Tradeoffs when growing a large scale distributed system
A simple load balancer
To start with a very simple point, clients connect to your service through network, a load balancer routing requests to different fleets.
Single tenant LB
Starting from a single tenant load balancer, what that means is for every customer which has load balancer, there is a ENI created in their VPC and cross attached to the server in service provider’s network. normally there will be another standby instance for redundancy.
In this case, customers can send various type of traffic to our LB, which means we need to scale up/out our capacity, which could be done vertically by adding large instance type or horizontally by adding more instances.
This created churns for customers since every time we scale up or out, we need to update DNS and customers could cache DNS, staffs like that.
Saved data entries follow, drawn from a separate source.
(* Let $Q$ be a finite, simple, commutative, automorphic loop of exponent $2$ which is not associative. Let $U$ be the socle of $\mathrm{Mlt}(Q)$, a regular normal elementary abelian $2$-subgroup, viewed as a $GF(2)$-vector space (written additively) on which $\mathrm{Inn}(Q)$ acts linearly by conjugation, $u\mapsto u^h$. For $x\in Q$ write $R_x=h_xu_x$ with unique $h_x\in\mathrm{Inn}(Q)$ and $u_x\in U$; for $u\in U$ let $h_u=h_x$ where $x$ is the unique element with $u_x=u$. Then for all $u,v\in U$, $h_uh_v=h_vh_{u^{h_v}}$.
   Context: A loop is a set with a binary operation in which left and right division are uniquely solvable and which has a neutral element $1$. $R_a:x\mapsto xa$; $\mathrm{Mlt}(Q)$ is generated by all left and right translations; $\mathrm{Inn}(Q)$ is the stabilizer of $1$ in $\mathrm{Mlt}(Q)$; $Q$ is automorphic if $\mathrm{Inn}(Q)\le\mathrm{Aut}(Q)$; exponent $2$ means $x^2=1$ for all $x$; simple means no nontrivial proper normal subloops. For such $Q$, $\mathrm{Mlt}(Q)$ is a primitive group of affine type, $\mathrm{Mlt}(Q)=\mathrm{Inn}(Q)U$ with $U\cap\mathrm{Inn}(Q)=1$, and $Q$ is identified with $U$ via $u\leftrightarrow 1u$, under which $h\in\mathrm{Inn}(Q)$ acts as the linear map $u\mapsto u^h=h^{-1}uh$. Maps act on the right and are composed left to right. The map $x\mapsto u_x$ is a bijection $Q\to U$. *)

theory Defs
  imports "HOL-Algebra.Algebra"
begin

definition is_loop :: "'a set \<Rightarrow> ('a \<Rightarrow> 'a \<Rightarrow> 'a) \<Rightarrow> 'a \<Rightarrow> bool" where
  "is_loop Q m e \<longleftrightarrow>
     e \<in> Q \<and> (\<forall>x\<in>Q. \<forall>y\<in>Q. m x y \<in> Q) \<and>
     (\<forall>x\<in>Q. m e x = x \<and> m x e = x) \<and>
     (\<forall>a\<in>Q. \<forall>b\<in>Q. (\<exists>!x. x \<in> Q \<and> m a x = b) \<and> (\<exists>!y. y \<in> Q \<and> m y a = b))"

definition rtrans :: "'a set \<Rightarrow> ('a \<Rightarrow> 'a \<Rightarrow> 'a) \<Rightarrow> 'a \<Rightarrow> ('a \<Rightarrow> 'a)" where
  "rtrans Q m a = (\<lambda>x\<in>Q. m x a)"

definition ltrans :: "'a set \<Rightarrow> ('a \<Rightarrow> 'a \<Rightarrow> 'a) \<Rightarrow> 'a \<Rightarrow> ('a \<Rightarrow> 'a)" where
  "ltrans Q m a = (\<lambda>x\<in>Q. m a x)"

definition Mlt :: "'a set \<Rightarrow> ('a \<Rightarrow> 'a \<Rightarrow> 'a) \<Rightarrow> ('a \<Rightarrow> 'a) set" where
  "Mlt Q m = generate (BijGroup Q) (rtrans Q m ` Q \<union> ltrans Q m ` Q)"

definition MltG :: "'a set \<Rightarrow> ('a \<Rightarrow> 'a \<Rightarrow> 'a) \<Rightarrow> ('a \<Rightarrow> 'a) monoid" where
  "MltG Q m = (BijGroup Q)\<lparr>carrier := Mlt Q m\<rparr>"

definition Inn :: "'a set \<Rightarrow> ('a \<Rightarrow> 'a \<Rightarrow> 'a) \<Rightarrow> 'a \<Rightarrow> ('a \<Rightarrow> 'a) set" where
  "Inn Q m e = {h \<in> Mlt Q m. h e = e}"

definition automorphic :: "'a set \<Rightarrow> ('a \<Rightarrow> 'a \<Rightarrow> 'a) \<Rightarrow> 'a \<Rightarrow> bool" where
  "automorphic Q m e \<longleftrightarrow> (\<forall>h\<in>Inn Q m e. \<forall>x\<in>Q. \<forall>y\<in>Q. h (m x y) = m (h x) (h y))"

definition commutative_loop :: "'a set \<Rightarrow> ('a \<Rightarrow> 'a \<Rightarrow> 'a) \<Rightarrow> bool" where
  "commutative_loop Q m \<longleftrightarrow> (\<forall>x\<in>Q. \<forall>y\<in>Q. m x y = m y x)"

definition exponent2 :: "'a set \<Rightarrow> ('a \<Rightarrow> 'a \<Rightarrow> 'a) \<Rightarrow> 'a \<Rightarrow> bool" where
  "exponent2 Q m e \<longleftrightarrow> (\<forall>x\<in>Q. m x x = e)"

definition associative_loop :: "'a set \<Rightarrow> ('a \<Rightarrow> 'a \<Rightarrow> 'a) \<Rightarrow> bool" where
  "associative_loop Q m \<longleftrightarrow> (\<forall>x\<in>Q. \<forall>y\<in>Q. \<forall>z\<in>Q. m (m x y) z = m x (m y z))"

text \<open>Subloops and normal subloops (Bruck's definition:
  xN = Nx, (Nx)y = N(xy), y(xN) = (yx)N).\<close>

definition subloop :: "'a set \<Rightarrow> ('a \<Rightarrow> 'a \<Rightarrow> 'a) \<Rightarrow> 'a \<Rightarrow> 'a set \<Rightarrow> bool" where
  "subloop Q m e N \<longleftrightarrow> N \<subseteq> Q \<and> e \<in> N \<and> (\<forall>x\<in>N. \<forall>y\<in>N. m x y \<in> N) \<and>
     (\<forall>a\<in>N. \<forall>b\<in>N. \<forall>x\<in>Q. (m a x = b \<longrightarrow> x \<in> N) \<and> (m x a = b \<longrightarrow> x \<in> N))"

definition normal_subloop :: "'a set \<Rightarrow> ('a \<Rightarrow> 'a \<Rightarrow> 'a) \<Rightarrow> 'a \<Rightarrow> 'a set \<Rightarrow> bool" where
  "normal_subloop Q m e N \<longleftrightarrow> subloop Q m e N \<and>
     (\<forall>x\<in>Q. \<forall>y\<in>Q.
        (\<lambda>n. m x n) ` N = (\<lambda>n. m n x) ` N \<and>
        (\<lambda>n. m (m n x) y) ` N = (\<lambda>n. m n (m x y)) ` N \<and>
        (\<lambda>n. m y (m x n)) ` N = (\<lambda>n. m (m y x) n) ` N)"

definition simple_loop :: "'a set \<Rightarrow> ('a \<Rightarrow> 'a \<Rightarrow> 'a) \<Rightarrow> 'a \<Rightarrow> bool" where
  "simple_loop Q m e \<longleftrightarrow> (\<forall>N. normal_subloop Q m e N \<longrightarrow> N = {e} \<or> N = Q)"

definition minimal_normal :: "'g set \<Rightarrow> ('g, 'b) monoid_scheme \<Rightarrow> bool" where
  "minimal_normal N G \<longleftrightarrow> N \<lhd> G \<and> N \<noteq> {\<one>\<^bsub>G\<^esub>} \<and>
     (\<forall>M. M \<lhd> G \<and> M \<subseteq> N \<and> M \<noteq> {\<one>\<^bsub>G\<^esub>} \<longrightarrow> M = N)"

definition socle :: "('g, 'b) monoid_scheme \<Rightarrow> 'g set" where
  "socle G = generate G (\<Union>{N. minimal_normal N G})"

text \<open>Decomposition R_x = h_x u_x (maps composed left to right, i.e. as functions
  R_x = u_x \<circ> h_x, which is u_x \<otimes> h_x in BijGroup).\<close>

definition hx :: "'a set \<Rightarrow> ('a \<Rightarrow> 'a \<Rightarrow> 'a) \<Rightarrow> 'a \<Rightarrow> ('a \<Rightarrow> 'a) set \<Rightarrow> 'a \<Rightarrow> ('a \<Rightarrow> 'a)" where
  "hx Q m e U x = (THE h. h \<in> Inn Q m e \<and>
      (\<exists>u\<in>U. rtrans Q m x = u \<otimes>\<^bsub>BijGroup Q\<^esub> h))"

definition ux :: "'a set \<Rightarrow> ('a \<Rightarrow> 'a \<Rightarrow> 'a) \<Rightarrow> 'a \<Rightarrow> ('a \<Rightarrow> 'a) set \<Rightarrow> 'a \<Rightarrow> ('a \<Rightarrow> 'a)" where
  "ux Q m e U x = (THE u. u \<in> U \<and>
      (\<exists>h\<in>Inn Q m e. rtrans Q m x = u \<otimes>\<^bsub>BijGroup Q\<^esub> h))"

definition hu :: "'a set \<Rightarrow> ('a \<Rightarrow> 'a \<Rightarrow> 'a) \<Rightarrow> 'a \<Rightarrow> ('a \<Rightarrow> 'a) set \<Rightarrow> ('a \<Rightarrow> 'a) \<Rightarrow> ('a \<Rightarrow> 'a)" where
  "hu Q m e U u = hx Q m e U (THE x. x \<in> Q \<and> ux Q m e U x = u)"

text \<open>u^h = h^{-1} u h with left-to-right composition, i.e. h \<circ> u \<circ> h^{-1}.\<close>

definition conj_act :: "'a set \<Rightarrow> ('a \<Rightarrow> 'a) \<Rightarrow> ('a \<Rightarrow> 'a) \<Rightarrow> ('a \<Rightarrow> 'a)" where
  "conj_act Q u h = h \<otimes>\<^bsub>BijGroup Q\<^esub> u \<otimes>\<^bsub>BijGroup Q\<^esub> inv\<^bsub>BijGroup Q\<^esub> h"

end

theory Submission
  imports Defs
begin

text \<open>An inner mapping k is an automorphism fixing 1, so k\<inverse> R_x k = R_(xk). Conjugating the
  decomposition R_x = h_x u_x by k therefore decomposes R_(xk) with factors again in Inn(Q) and U
  (U is normal, Inn(Q) is the stabiliser of 1), and uniqueness of the decomposition gives
  h_(xk) = k\<inverse> h_x k. For x = 1u and k = h_v the point 1u^k is xk, which is the claimed identity.\<close>

lemma (in group) conjugate_mult:
  "\<lbrakk>g \<in> carrier G; a \<in> carrier G; b \<in> carrier G\<rbrakk> \<Longrightarrow>
   g \<otimes> (a \<otimes> b) \<otimes> inv g = (g \<otimes> a \<otimes> inv g) \<otimes> (g \<otimes> b \<otimes> inv g)"
  by (simp add: m_assoc flip: m_assoc[of "inv g" g])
The drawbacks are: it just cannot keep scaling, utilization might be low, deployments take time.
Multi tenant LB
Compare with single tenant system, multi tenant system provides better utilization, faster deployments(more agile) also larger buffer capacity to absord traffic, since it is shared by a set of customers.
What is the trade-off?
Noisy neighbors issue: a single customer is having a bad day cause impact to other customers
Even with sharding technology, it would still impact customers on the same shard.
While for single tenant system, it has best isolation, and smallest blast radius.
To solve isolation issue: shuffle sharding
As below graph, when customer B has a bad day, they will likely bring down instance 1,3,6 while other instances remain intact. customer A, C, D still could be mapped to a good instance.
Possibility of overlap could be decided by below 3 factors:
- number of nodes/number of instances
- number of shards
- number of customers
This would be a trade-off between isolation VS capacity.
Scaling: unbounded growth is hard
Even data plane is more distributed, but we still have only single control plane that governs each region.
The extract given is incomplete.